■ DATA:
lemma length_gate_state [simp]: "length (gate_state g s) = length s"
  by (cases g) auto

fun run_circ :: "gate_app list \<Rightarrow> bool list \<Rightarrow> bool list \<times> complex" where
  "run_circ [] s = (s, 1)"
| "run_circ (g # gs) s =
     (fst (run_circ gs (gate_state g s)), snd (run_circ gs (gate_state g s)) * gate_phase g s)"

lemma run_circ_append:
  "run_circ (as @ bs) s =
     (fst (run_circ bs (fst (run_circ as s))), snd (run_circ bs (fst (run_circ as s))) * snd (run_circ as s))"
  by (induction as arbitrary: s) auto

lemma length_run_circ [simp]: "length (fst (run_circ gs s)) = length s"
  by (induction gs arbitrary: s) auto

definition classical_gate :: "nat \<Rightarrow> gate_app \<Rightarrow> bool" where
  "classical_gate N g \<longleftrightarrow> wf_app N g \<and> almost_classical (fst g) (fst (snd g))"

lemma classical_gate_mono: "classical_gate n g \<Longrightarrow> n \<le> N \<Longrightarrow> classical_gate N g"
  by (auto simp: classical_gate_def wf_app_def)

definition acts_classically :: "nat \<Rightarrow> qmat \<Rightarrow> (bool list \<Rightarrow> bool list) \<Rightarrow> (bool list \<Rightarrow> complex) \<Rightarrow> bool" where
  "acts_classically N A F p \<longleftrightarrow>
     (\<forall>x\<in>bits N. F x \<in> bits N \<and> (\<forall>z\<in>bits N. A z x = (if z = F x then p x else 0)))"

lemma acts_classically_mmult:
  assumes A: "acts_classically N A F p" and B: "acts_classically N B G q"
  shows "acts_classically N (mmult N A B) (F \<circ> G) (\<lambda>x. p (G x) * q x)"
  unfolding acts_classically_def
proof (intro ballI conjI)
  fix x assume x: "x \<in> bits N"
  then have Gx: "G x \<in> bits N" using B unfolding acts_classically_def by blast
  then show "(F \<circ> G) x \<in> bits N" using A unfolding acts_classically_def by auto
  fix z assume z: "z \<in> bits N"
  have "mmult N A B z x = (\<Sum>w\<in>bits N. if w = G x then A z w * q x else 0)"
    unfolding mmult_def using B x by (intro sum.cong) (auto simp: acts_classically_def)
  also have "\<dots> = A z (G x) * q x" using Gx by simp
  also have "\<dots> = (if z = (F \<circ> G) x then p (G x) * q x else 0)"
    using A Gx z unfolding acts_classically_def by auto
  finally show "mmult N A B z x = (if z = (F \<circ> G) x then p (G x) * q x else 0)" .
qed

lemma acts_classically_embed:
  assumes "classical_gate N g"
  shows "acts_classically N (embed N g) (gate_state g) (gate_phase g)"
proof -
  obtain k M qs where g: "g = (k, M, qs)" by (cases g)
  have qs: "length qs = k" "distinct qs" "set qs \<subseteq> {..<N}" and M: "almost_classical k M"
    using assms by (auto simp: classical_gate_def wf_app_def g)
  show ?thesis
    unfolding acts_classically_def
  proof (intro ballI conjI)
    fix x assume x: "x \<in> bits N"
    define v where "v = map ((!) x) qs"
    define w where "w = basis_image k M v"
    have v: "v \<in> bits k" using qs by (simp add: bits_def v_def)
    have w: "w \<in> bits k" unfolding w_def using M v by (rule almost_classical_column)
    show "gate_state g x \<in> bits N" using x by (simp add: g bits_def)
    fix z assume z: "z \<in> bits N"
    have "(\<forall>i<N. i \<notin> set qs \<longrightarrow> z ! i = x ! i) \<and> map ((!) z) qs = w \<longleftrightarrow> z = scatter qs w x"
      using x z w qs scatter_unique[of qs x z w] map_nth_scatter[of qs x w] nth_scatter_notin[of _ qs w x]
      by (auto simp: bits_def)
    moreover have "M (map ((!) z) qs) v = (if map ((!) z) qs = w then M w v else 0)"
      using almost_classical_column(3)[OF M v] qs unfolding w_def by (auto simp: bits_def)
    ultimately show "embed N g z x = (if z = gate_state g x then gate_phase g x else 0)"
      using x z by (auto simp: embed_def g bits_def v_def w_def)
  qed
qed

lemma acts_classically_foldl:
  assumes "\<forall>g\<in>set gs. classical_gate N g" "acts_classically N A F p"
  shows "acts_classically N (foldl (\<lambda>acc g. mmult N (embed N g) acc) A gs)
           (\<lambda>x. fst (run_circ gs (F x))) (\<lambda>x. snd (run_circ gs (F x)) * p x)"
  using assms
proof (induction gs arbitrary: A F p)
  case (Cons g gs)
  have "acts_classically N (mmult N (embed N g) A) (gate_state g \<circ> F) (\<lambda>x. gate_phase g (F x) * p x)"
    using Cons.prems by (intro acts_classically_mmult acts_classically_embed) auto
  with Cons.IH Cons.prems(1) show ?case by (simp add: comp_def mult.assoc)
qed simp

lemma circ_mat_run_circ:
  assumes "\<forall>g\<in>set gs. classical_gate N g" "x \<in> bits N" "z \<in> bits N"
  shows "circ_mat N gs z x = (if z = fst (run_circ gs x) then snd (run_circ gs x) else 0)"
proof -
  have "acts_classically N id_mat id (\<lambda>_. 1)" by (simp add: acts_classically_def id_mat_def)
  from acts_classically_foldl[OF assms(1) this] assms(2,3) show ?thesis
    unfolding acts_classically_def circ_mat_def by auto
qed

section \<open>Inverse circuits\<close>

fun adj_gate :: "gate_app \<Rightarrow> gate_app" where
  "adj_gate (k, M, qs) = (k, adj M, qs)"

lemma adj_gate_adj_gate [simp]: "adj_gate (adj_gate g) = g"
  by (cases g) simp

lemma classical_gate_adj: "classical_gate N g \<Longrightarrow> classical_gate N (adj_gate g)"
  by (cases g) (auto simp: classical_gate_def wf_app_def almost_classical_adj)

■ ASSIGNED TASK: Each line of the material must be copied exactly.

■ RESPONSE AREA:
lemma length_gate_state [simp]: "length (gate_state g s) = length s"
  by (cases g) auto

fun run_circ :: "gate_app list \<Rightarrow> bool list \<Rightarrow> bool list \<times> complex" where
  "run_circ [] s = (s, 1)"
| "run_circ (g # gs) s =
     (fst (run_circ gs (gate_state g s)), snd (run_circ gs (gate_state g s)) * gate_phase g s)"

lemma run_circ_append:
  "run_circ (as @ bs) s =
     (fst (run_circ bs (fst (run_circ as s))), snd (run_circ bs (fst (run_circ as s))) * snd (run_circ as s))"
  by (induction as arbitrary: s) auto

lemma length_run_circ [simp]: "length (fst (run_circ gs s)) = length s"
  by (induction gs arbitrary: s) auto

definition classical_gate :: "nat \<Rightarrow> gate_app \<Rightarrow> bool" where
  "classical_gate N g \<longleftrightarrow> wf_app N g \<and> almost_classical (fst g) (fst (snd g))"

lemma classical_gate_mono: "classical_gate n g \<Longrightarrow> n \<le> N \<Longrightarrow> classical_gate N g"
  by (auto simp: classical_gate_def wf_app_def)

definition acts_classically :: "nat \<Rightarrow> qmat \<Rightarrow> (bool list \<Rightarrow> bool list) \<Rightarrow> (bool list \<Rightarrow> complex) \<Rightarrow> bool" where
  "acts_classically N A F p \<longleftrightarrow>
     (\<forall>x\<in>bits N. F x \<in> bits N \<and> (\<forall>z\<in>bits N. A z x = (if z = F x then p x else 0)))"

lemma acts_classically_mmult:
  assumes A: "acts_classically N A F p" and B: "acts_classically N B G q"
  shows "acts_classically N (mmult N A B) (F \<circ> G) (\<lambda>x. p (G x) * q x)"
  unfolding acts_classically_def
proof (intro ballI conjI)
  fix x assume x: "x \<in> bits N"
  then have Gx: "G x \<in> bits N" using B unfolding acts_classically_def by blast
  then show "(F \<circ> G) x \<in> bits N" using A unfolding acts_classically_def by auto
  fix z assume z: "z \<in> bits N"
  have "mmult N A B z x = (\<Sum>w\<in>bits N. if w = G x then A z w * q x else 0)"
    unfolding mmult_def using B x by (intro sum.cong) (auto simp: acts_classically_def)
  also have "\<dots> = A z (G x) * q x" using Gx by simp
  also have "\<dots> = (if z = (F \<circ> G) x then p (G x) * q x else 0)"
    using A Gx z unfolding acts_classically_def by auto
  finally show "mmult N A B z x = (if z = (F \<circ> G) x then p (G x) * q x else 0)" .
qed

lemma acts_classically_embed:
  assumes "classical_gate N g"
  shows "acts_classically N (embed N g) (gate_state g) (gate_phase g)"
proof -
  obtain k M qs where g: "g = (k, M, qs)" by (cases g)
  have qs: "length qs = k" "distinct qs" "set qs \<subseteq> {..<N}" and M: "almost_classical k M"
    using assms by (auto simp: classical_gate_def wf_app_def g)
  show ?thesis
    unfolding acts_classically_def
  proof (intro ballI conjI)
    fix x assume x: "x \<in> bits N"
    define v where "v = map ((!) x) qs"
    define w where "w = basis_image k M v"
    have v: "v \<in> bits k" using qs by (simp add: bits_def v_def)
    have w: "w \<in> bits k" unfolding w_def using M v by (rule almost_classical_column)
    show "gate_state g x \<in> bits N" using x by (simp add: g bits_def)
    fix z assume z: "z \<in> bits N"
    have "(\<forall>i<N. i \<notin> set qs \<longrightarrow> z ! i = x ! i) \<and> map ((!) z) qs = w \<longleftrightarrow> z = scatter qs w x"
      using x z w qs scatter_unique[of qs x z w] map_nth_scatter[of qs x w] nth_scatter_notin[of _ qs w x]
      by (auto simp: bits_def)
    moreover have "M (map ((!) z) qs) v = (if map ((!) z) qs = w then M w v else 0)"
      using almost_classical_column(3)[OF M v] qs unfolding w_def by (auto simp: bits_def)
    ultimately show "embed N g z x = (if z = gate_state g x then gate_phase g x else 0)"
      using x z by (auto simp: embed_def g bits_def v_def w_def)
  qed
qed

lemma acts_classically_foldl:
  assumes "\<forall>g\<in>set gs. classical_gate N g" "acts_classically N A F p"
  shows "acts_classically N (foldl (\<lambda>acc g. mmult N (embed N g) acc) A gs)
           (\<lambda>x. fst (run_circ gs (F x))) (\<lambda>x. snd (run_circ gs (F x)) * p x)"
  using assms
proof (induction gs arbitrary: A F p)
  case (Cons g gs)
  have "acts_classically N (mmult N (embed N g) A) (gate_state g \<circ> F) (\<lambda>x. gate_phase g (F x) * p x)"
    using Cons.prems by (intro acts_classically_mmult acts_classically_embed) auto
  with Cons.IH Cons.prems(1) show ?case by (simp add: comp_def mult.assoc)
qed simp

lemma circ_mat_run_circ:
  assumes "\<forall>g\<in>set gs. classical_gate N g" "x \<in> bits N" "z \<in> bits N"
  shows "circ_mat N gs z x = (if z = fst (run_circ gs x) then snd (run_circ gs x) else 0)"
proof -
  have "acts_classically N id_mat id (\<lambda>_. 1)" by (simp add: acts_classically_def id_mat_def)
  from acts_classically_foldl[OF assms(1) this] assms(2,3) show ?thesis
    unfolding acts_classically_def circ_mat_def by auto
qed

section \<open>Inverse circuits\<close>

fun adj_gate :: "gate_app \<Rightarrow> gate_app" where
  "adj_gate (k, M, qs) = (k, adj M, qs)"

lemma adj_gate_adj_gate [simp]: "adj_gate (adj_gate g) = g"
  by (cases g) simp

lemma classical_gate_adj: "classical_gate N g \<Longrightarrow> classical_gate N (adj_gate g)"
  by (cases g) (auto simp: classical_gate_def wf_app_def almost_classical_adj)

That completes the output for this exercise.